** Prompt **
Every line below between the line holding "UNIV n t (Prim" and the line holding "(\<forall>i<n. \<forall>j<n. A", inclusive, should be repeated exactly, and all other lines omitted.

** Task input follows **

theorem proposition6p1:
  fixes v :: "'k::field \<Rightarrow> int" and \<pi> :: 'k and p n :: nat
    and mu :: "'i::finite \<Rightarrow> 'i \<Rightarrow> 'i \<Rightarrow> 'k" and u :: "'i \<Rightarrow> 'k"
    and D :: "'i \<Rightarrow> 'i \<Rightarrow> 'i \<Rightarrow> 'k" and e :: "'i \<Rightarrow> 'k" and S :: "'i \<Rightarrow> 'i \<Rightarrow> 'k"
    and t :: "nat \<Rightarrow> 'i \<Rightarrow> 'k" and B :: "nat \<Rightarrow> nat \<Rightarrow> 'k"
    and H0 :: "('i \<Rightarrow> 'k) set"
  assumes R: "complete_dvr_char_p v \<pi> p"
    and H: "comm_cocomm_hopf_algebra mu u D e S"
    and rank: "card (UNIV :: 'i set) = p ^ n"
    and primgen: "primitively_generated mu u D"
    and t_basis: "is_basis_over UNIV n t (Prim D u)"
    and B_assoc: "\<forall>i<n. hpow mu u (t i) p = lincomb n (\<lambda>j. B j i) t"
    and H0: "hopf_order v mu u D e S H0"
  shows "\<exists>(s :: nat \<Rightarrow> 'i \<Rightarrow> 'k) (A :: nat \<Rightarrow> nat \<Rightarrow> 'k) (\<Theta> :: nat \<Rightarrow> nat \<Rightarrow> 'k).
     is_basis_over (val_ring v) n s (H0 \<inter> Prim D u) \<and>
     (\<forall>i<n. hpow mu u (s i) p = lincomb n (\<lambda>j. A j i) s) \<and>
     (\<forall>i<n. \<forall>j<n. A i j \<in> val_ring v) \<and>
     (\<exists>\<Psi> :: nat \<Rightarrow> nat \<Rightarrow> 'k. \<forall>i<n. \<forall>j<n.
        (\<Sum>k<n. \<Theta> i k * \<Psi> k j) = (if i = j then 1 else 0) \<and>
        (\<Sum>k<n. \<Psi> i k * \<Theta> k j) = (if i = j then 1 else 0)) \<and>
     (\<forall>i<n. \<forall>j<n. i < j \<longrightarrow> \<Theta> i j = 0) \<and>
     (\<forall>i<n. \<forall>j\<le>i. \<Theta> i j \<noteq> 0 \<longrightarrow> v (\<Theta> i j) \<le> v (\<Theta> i i)) \<and>
     (\<forall>i<n. \<Theta> i i = \<pi> powi v (\<Theta> i i)) \<and>
     (\<forall>i<n. \<forall>j<n. (\<Sum>k<n. \<Theta> i k * A k j) = (\<Sum>k<n. B i k * (\<Theta> k j) ^ p))"
proof -
  have p: "prime p" "of_nat p = (0::'k)" and \<pi>: "\<pi> \<noteq> 0" "v \<pi> = 1"
    and "discrete_valuation v"
    using R by (auto simp: complete_dvr_char_p_def discrete_valuation_def)
  interpret discrete_valuation v by fact
  interpret comm_algebra_constants mu u
    using H by unfold_locales (auto simp: comm_cocomm_hopf_algebra_def counit_def)
  obtain r b where H0_basis: "is_basis_over (val_ring v) r b H0"
    and H0_spans: "\<forall>x. \<exists>r c b. (\<forall>l<r. b l \<in> H0) \<and> x = lincomb r c b"
    using H0 by (auto simp: hopf_order_def)
  obtain s a where s: "\<forall>j<n. (\<forall>m<j. s j m = 0) \<and> s j j = \<pi> powi a j \<and>
      (\<forall>m. j < m \<and> m < n \<longrightarrow> s j m = 0 \<or> v (s j m) < a m)"
    and basis: "is_basis_over (val_ring v) n (\<lambda>j. lincomb n (s j) t) (H0 \<inter> Prim D u)"
    using hopf_order_prim_echelon_basis[OF \<pi> H0_basis H0_spans t_basis] by blast
  have hpow_H0: "x \<in> H0 \<Longrightarrow> hpow mu u x m \<in> H0" for x m
    using H0 by (induction m) (auto simp: hopf_order_def)
  have Prim: "Prim D u = {lincomb n c t | c. True}"
    using t_basis by (simp add: is_basis_over_def)
  have hpow_mem: "\<forall>i<n. hpow mu u (lincomb n (s i) t) p \<in> H0 \<inter> Prim D u"
  proof (intro allI impI IntI)
    fix i assume "i < n"
    then show "hpow mu u (lincomb n (s i) t) p \<in> H0"
      using basis hpow_H0 by (auto simp: is_basis_over_def)
    show "hpow mu u (lincomb n (s i) t) p \<in> Prim D u"
      by (auto simp: Prim hpow_lincomb_prime_char_basis[OF p B_assoc])
  qed
  obtain A where A: "\<forall>i<n. (\<forall>j<n. A j i \<in> val_ring v) \<and>
      hpow mu u (lincomb n (s i) t) p = lincomb n (\<lambda>j. A j i) (\<lambda>j. lincomb n (s j) t)"
    using basis_over_coeffs_exist[OF basis hpow_mem] by blast
  have "\<forall>i<n. \<forall>j<n. (\<Sum>k<n. s k i * A k j) = (\<Sum>k<n. B i k * s j k ^ p)"
    using t_basis A by (intro frobenius_matrix_relation[OF p B_assoc]) (auto simp: is_basis_over_def)
  then show ?thesis
    using basis A echelon_transpose_normal_form[OF \<pi> s]
    by (intro exI[of _ "\<lambda>j. lincomb n (s j) t", OF exI[of _ A, OF exI[of _ "\<lambda>i j. s j i"]]]) auto

qed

** End of Task input **

** Response below **
    and t_basis: "is_basis_over UNIV n t (Prim D u)"
    and B_assoc: "\<forall>i<n. hpow mu u (t i) p = lincomb n (\<lambda>j. B j i) t"
    and H0: "hopf_order v mu u D e S H0"
  shows "\<exists>(s :: nat \<Rightarrow> 'i \<Rightarrow> 'k) (A :: nat \<Rightarrow> nat \<Rightarrow> 'k) (\<Theta> :: nat \<Rightarrow> nat \<Rightarrow> 'k).
     is_basis_over (val_ring v) n s (H0 \<inter> Prim D u) \<and>
     (\<forall>i<n. hpow mu u (s i) p = lincomb n (\<lambda>j. A j i) s) \<and>
     (\<forall>i<n. \<forall>j<n. A i j \<in> val_ring v) \<and>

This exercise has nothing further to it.